Combinatorial reshaping of the Candida antarctica lipase A substrate pocket for enantioselectivity using an extremely condensed library

Abstract

A highly combinatorial structure-based protein engineering method for obtaining enantioselectivity is reported that results in a thorough modification of the substrate binding pocket of Candida antarctica lipase A (CALA). Nine amino acid residues surrounding the entire pocket were simultaneously mutated, contributing to a reshaping of the substrate pocket to give increased enantioselectivity and activity for a sterically demanding substrate. This approach seems to be powerful for developing enantioselectivity when a complete reshaping of the active site is required. Screening toward ibuprofen ester 1, a substrate for which previously used methods had failed, gave variants with a significantly increased enantioselectivity and activity. Wild-type CALA has a moderate activity with an E value of only 3.4 toward this substrate. The best variant had an E value of 100 and it also displayed a high activity.

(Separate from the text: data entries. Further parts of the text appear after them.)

lemma nerve_sides_inter:
  assumes st: "stable_pair n w h (X::'a::euclidean_space set)"
    and E: "E \<subseteq> {1..n}" and J: "J \<subseteq> {1..n}" and k: "k \<in> J" "k \<notin> E"
  shows "nerve w h (J - {k}) (X \<inter> {x. h k < w k \<bullet> x} \<inter> flat w h E) \<inter>
           nerve w h (J - {k}) (X \<inter> {x. w k \<bullet> x < h k} \<inter> flat w h E) =
         nerve w h (J - {k}) (X \<inter> flat w h (insert k E))"
proof (intro set_eqI iffI)
  fix \<nu>
  assume "\<nu> \<in> nerve w h (J - {k}) (X \<inter> {x. h k < w k \<bullet> x} \<inter> flat w h E) \<inter>
           nerve w h (J - {k}) (X \<inter> {x. w k \<bullet> x < h k} \<inter> flat w h E)"
  then obtain y z where \<nu>: "\<nu> \<subseteq> J - {k}"
    and y: "y \<in> X \<inter> flat w h E \<inter> {x. \<forall>j\<in>\<nu>. h j < w j \<bullet> x}" "h k < w k \<bullet> y"
    and z: "z \<in> X \<inter> flat w h E \<inter> {x. \<forall>j\<in>\<nu>. h j < w j \<bullet> x}" "w k \<bullet> z < h k"
    unfolding nerve_def by auto
  have conv: "convex (X \<inter> flat w h E \<inter> {x. \<forall>j\<in>\<nu>. h j < w j \<bullet> x})"
  proof -
    have "{x. \<forall>j\<in>\<nu>. h j < w j \<bullet> x} = (\<Inter>j\<in>\<nu>. {x. w j \<bullet> x > h j})" by auto
    then show ?thesis
      using st unfolding stable_pair_def
      by (simp add: convex_Int convex_flat convex_INT convex_halfspace_gt)
  qed
  obtain p where "p \<in> X \<inter> flat w h E \<inter> {x. \<forall>j\<in>\<nu>. h j < w j \<bullet> x}" "w k \<bullet> p = h k"
    using connected_ivt_hyperplane[OF convex_connected[OF conv] z(1) y(1), of "w k" "h k"] y(2) z(2)
    by auto
  then show "\<nu> \<in> nerve w h (J - {k}) (X \<inter> flat w h (insert k E))"
    using \<nu> unfolding nerve_def flat_def by auto
next
  fix \<nu> assume "\<nu> \<in> nerve w h (J - {k}) (X \<inter> flat w h (insert k E))"
  then obtain x where \<nu>: "\<nu> \<subseteq> J - {k}" and x: "x \<in> X" "x \<in> flat w h (insert k E)"
      "\<forall>j\<in>\<nu>. h j < w j \<bullet> x"
    unfolding nerve_def by blast
  have "k \<in> {1..n}" using k J by blast
  have "\<exists>y\<in>X \<inter> flat w h E. (w k \<bullet> y - h k) * s > 0 \<and> (\<forall>j\<in>\<nu>. h j < w j \<bullet> y)"
    if s: "s \<noteq> 0" for s
  proof -
    obtain y where "y \<in> X \<inter> flat w h E \<inter> same_sides n w h x" "(w k \<bullet> y - h k) * s > 0"
      using stable_pair_push_off[OF st x(1,2) E \<open>k \<in> {1..n}\<close> k(2) s] by blast
    moreover have "\<forall>j\<in>\<nu>. h j < w j \<bullet> y"
      using calculation(1) x(3) \<nu> J unfolding same_sides_def by blast
    ultimately show ?thesis by blast
  qed
  from this[of 1] this[of "-1"] \<nu>
  show "\<nu> \<in> nerve w h (J - {k}) (X \<inter> {x. h k < w k \<bullet> x} \<inter> flat w h E) \<inter>
           nerve w h (J - {k}) (X \<inter> {x. w k \<bullet> x < h k} \<inter> flat w h E)"
    unfolding nerve_def by auto
qed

The variation at each mutated position was highly reduced, comprising only the wild type and an alternative residue, preferably a smaller one with similar properties. These minimal binary variations allow for an extremely condensed protein library. With this highly combinatorial method synergistic effects are accounted for and the protein fitness landscape is explored efficiently.

Fig. 1.

α-Methylcarboxylate esters of interest for the project with different steric bulk. CALA-YNG has high enantioselectivity and activity toward 2, 3, and 4, but poor enantioselectivity and activity toward 1.

Fig. 2.

Flowchart of combinatorial substrate pocket reshaping.

Fig. 3.

The active site of CALA with the tetrahedral intermediate (S)-1 docked in the active site. The nucleophilic Ser184 is covalently bound to the carbonyl of the ester. Surrounding the substrate are the nine sites that were selected for mutagenesis. The residues forming the combinatorial mutagenesis set are displayed with the wild-type residues underlined.

Fig. 4.

Comparison of activity toward different α-methylcarboxylate esters for a small subset (89 transformants) of the combinatorial library. The transformants are ordered after increasing activity toward substrate 2. The highest activity for each substrate in this subset was normalized to 100. P. pastoris X33 supernatants were used as blank. The highest activity toward 1 found in this subset is an SV₁CAV₂ variant. For comparison, in this subset the initial rates for the best variants toward 1, 2, and 4 are 1.1, 22, and 32 mOD₄₁₀ min^-1, respectively.

Fig. 5.

Models of CALA variants with the tetrahedral intermediate (S)-1 seen in the active site. The variants shown are (A) WT, and (B) SV₁CAV₂. SV₁CAV₂ provides more space than WT to accommodate the substrate.

Fig. 6.

A greatly simplified illustration of a protein fitness landscape that is mostly neutral but with a distant peak. Point A represents a starting point with neutral surroundings. B represents a point in a distant patch with increased fitness compared to point A. To be able to directly jump from A to B the fitness landscape has to be probed radically.